Хватило нескольких часов, чтобы собрать информацию о Жарковском, не потревожив его самого. Полковник Рылеев поворчал, но надавил на нужные кнопки. Фигура была в высшей степени любопытная. Формально Жарковский имел звание подполковника, но форму, как и Наталья Прокопьевна, носил редко. Структура, в которой он служил, была предельно засекреченной, в официальный перечень отделов и секторов даже не входила. Название организации не отражало суть ее деятельности.
Со своими обязанностями Жарковский справлялся, во всяком случае, так считалось. К зданию подключались коммутационные сети, то, что по ним текло, имело двойную степень шифрования. Здание неназойливо охраняли офицеры секретного подразделения.

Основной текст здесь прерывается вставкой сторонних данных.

(* Let $V:\mathbb{R}^d\to\mathbb{R}^n$ be continuously differentiable and $h$-homogeneous, and assume there are constants $c,s,r,C>0$ with $c\Vert\theta\Vert^s\le\Vert V(\theta)\Vert_\mu\le C\Vert\theta\Vert^r$ for all $\theta$. Let $B=\frac{\Vert (I-\gamma P)V^*\Vert_\mu}{1-\gamma}=\frac{\Vert R\Vert_\mu}{1-\gamma}$. Then for any initial condition $\theta(0)=\theta_0$, if $\theta(t)$ follows the dynamics $$\dot\theta=-\nabla V(\theta)^T A\,(V(\theta)-V^* ),$$ we have $\limsup_{t\to\infty}\Vert V(\theta(t))\Vert_\mu\le C(B/c)^{r/s}$.
   Context: A Markov reward process has finite state space $\mathcal{S}$ with $|\mathcal{S}|=n$, transition matrix $P$ (entries $P(s'|s)$) defining an irreducible, aperiodic Markov chain with stationary distribution $\mu$, a finite reward function $r(s,s')$, and discount factor $\gamma\in[0,1)$. Let $R\in\mathbb{R}^n$ be $R(s)=\mathbb{E}_{s'\sim P(\cdot|s)}[r(s,s')]$, and let $V^*\in\mathbb{R}^n$ be the unique solution of $V^*=R+\gamma PV^*$. Let $D_\mu$ be the diagonal matrix with $\mu$ on the diagonal and $A:=D_\mu(I-\gamma P)$. For $x\in\mathbb{R}^n$, $\Vert x\Vert_\mu^2=x^TD_\mu x$; $\Vert\theta\Vert$ is the Euclidean norm. $\nabla V(\theta)$ is the $n\times d$ Jacobian of $V$. A differentiable function $f:\mathbb{R}^k\to\mathbb{R}^m$ is called $h$-homogeneous (for $h\in\mathbb{R}$) if $f(x)=h\,\nabla f(x)\,x$ for all $x$. *)

theory Defs
  imports "HOL-Analysis.Analysis"
begin

text \<open>States are indexed by a finite type 'n; P$s$s' is the probability P(s'|s).\<close>

definition mat_pow :: "real^'n^'n \<Rightarrow> nat \<Rightarrow> real^'n^'n" where
  "mat_pow P k = ((\<lambda>M. M ** P) ^^ k) (mat 1)"

definition stochastic :: "real^'n^'n \<Rightarrow> bool" where
  "stochastic P \<longleftrightarrow> (\<forall>s s'. P$s$s' \<ge> 0) \<and> (\<forall>s. (\<Sum>s'\<in>UNIV. P$s$s') = 1)"

definition irreducible_chain :: "real^'n^'n \<Rightarrow> bool" where
  "irreducible_chain P \<longleftrightarrow> (\<forall>s s'. \<exists>k>0. mat_pow P k $ s $ s' > 0)"

definition aperiodic_chain :: "real^'n^'n \<Rightarrow> bool" where
  "aperiodic_chain P \<longleftrightarrow> (\<forall>s. Gcd {k::nat. k > 0 \<and> mat_pow P k $ s $ s > 0} = 1)"

definition stationary_distribution :: "real^'n^'n \<Rightarrow> real^'n \<Rightarrow> bool" where
  "stationary_distribution P \<mu> \<longleftrightarrow> (\<forall>s. \<mu>$s \<ge> 0) \<and> (\<Sum>s\<in>UNIV. \<mu>$s) = 1 \<and> \<mu> v* P = \<mu>"
(* In the setting of the context, fix $\beta>0$. Then $\omega\in\overline{W_{\overline{\mathbb{R}}\times\{\beta\}}(T)\setminus i\mathbb{R}}$ if and only if $\omega\in\{0,\infty\}$ (only $\omega=\infty$ if $c=0$), or $\omega_\Im\neq0$ and one of the following four equations holds: $$\omega_\Re=\pm\sqrt{P_{\omega_\Im}\pm\sqrt{P_{\omega_\Im}^2-Q_{\omega_\Im}}-\omega_\Im^2},$$ where $$P_{\omega_\Im}:=c-\frac{d^2}{2}-d\omega_\Im-\frac{\beta d}{4\omega_\Im},\qquad Q_{\omega_\Im}:=\beta c+c^2+2cd\omega_\Im+4c\omega_\Im^2.$$
   Context: Let $c\ge0$, $d>0$, $\delta_\pm:=\pm\sqrt{c-d^2/4}-id/2$; $\sqrt{\cdot}$ is the principal square root. For real $\alpha,\beta$ let $p_{(\alpha,\beta)}(\omega):=(\alpha-\omega^2)(c-id\omega-\omega^2)-\beta\omega^2$ with roots $r_1,\dots,r_4$ labelled continuously in $(\alpha,\beta)\in\mathbb{R}^2$ and extended by limits to $\alpha=\pm\infty$ (roots $\delta_+,\delta_-$ and $\infty$ twice), values in $\overline{\mathbb{C}}$. $W_{\overline{\mathbb{R}}\times\{\beta\}}(T):=\bigcup_{n=1}^4\{r_n(\alpha,\beta):\alpha\in\mathbb{R}\cup\{\pm\infty\}\}$; overline denotes closure in $\overline{\mathbb{C}}$; $\omega=\omega_\Re+i\omega_\Im$. *)

theory Defs
  imports "HOL-Analysis.Analysis"
begin

text \<open>The extended complex plane (Riemann sphere) is modelled as \<open>complex option\<close>,
  with \<open>None\<close> the point at infinity and \<open>Some z\<close> the finite point z.
  Its topology is the one-point compactification of the complex plane:
  U is open iff its finite part is open, and if U contains infinity then
  the complement of its finite part is compact.\<close>

definition ext_open :: "complex option set \<Rightarrow> bool" where
  "ext_open U \<longleftrightarrow> open (Some -` U) \<and> (None \<in> U \<longrightarrow> compact (- (Some -` U)))"

definition ext_plane :: "complex option topology" where
  "ext_plane = topology ext_open"

definition delta_p :: "real \<Rightarrow> real \<Rightarrow> complex" where
  "delta_p c d = csqrt (complex_of_real (c - d^2/4)) - \<i> * complex_of_real (d/2)"

definition delta_m :: "real \<Rightarrow> real \<Rightarrow> complex" where
  "delta_m c d = - csqrt (complex_of_real (c - d^2/4)) - \<i> * complex_of_real (d/2)"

Жарковский считался ценным, хотя и молодым работником, имел связи и покровителей на улице Знаменка, водил знакомства с влиятельными лицами. Поступающая информация не могла не удивлять. В рабочее время – собранный, деятельный товарищ, в свободные часы – свой в доску парень (опять же, в определенных кругах), любитель вечеринок, плейбой, повеса. Стройный красавчик с блестящим чувством юмора, весельчак, обходителен с дамами – именно то, что нравится женщинам в мужчинах. Семьи нет – и немудрено с таким образом жизни. Любитель выпить, посудачить на отстраненные темы, хорош в любой компании – от кордебалета до партсобрания. На работе всегда свеж, строг с подчиненными, компетентен. Как человеку это удается – загадка. Богата страна талантами.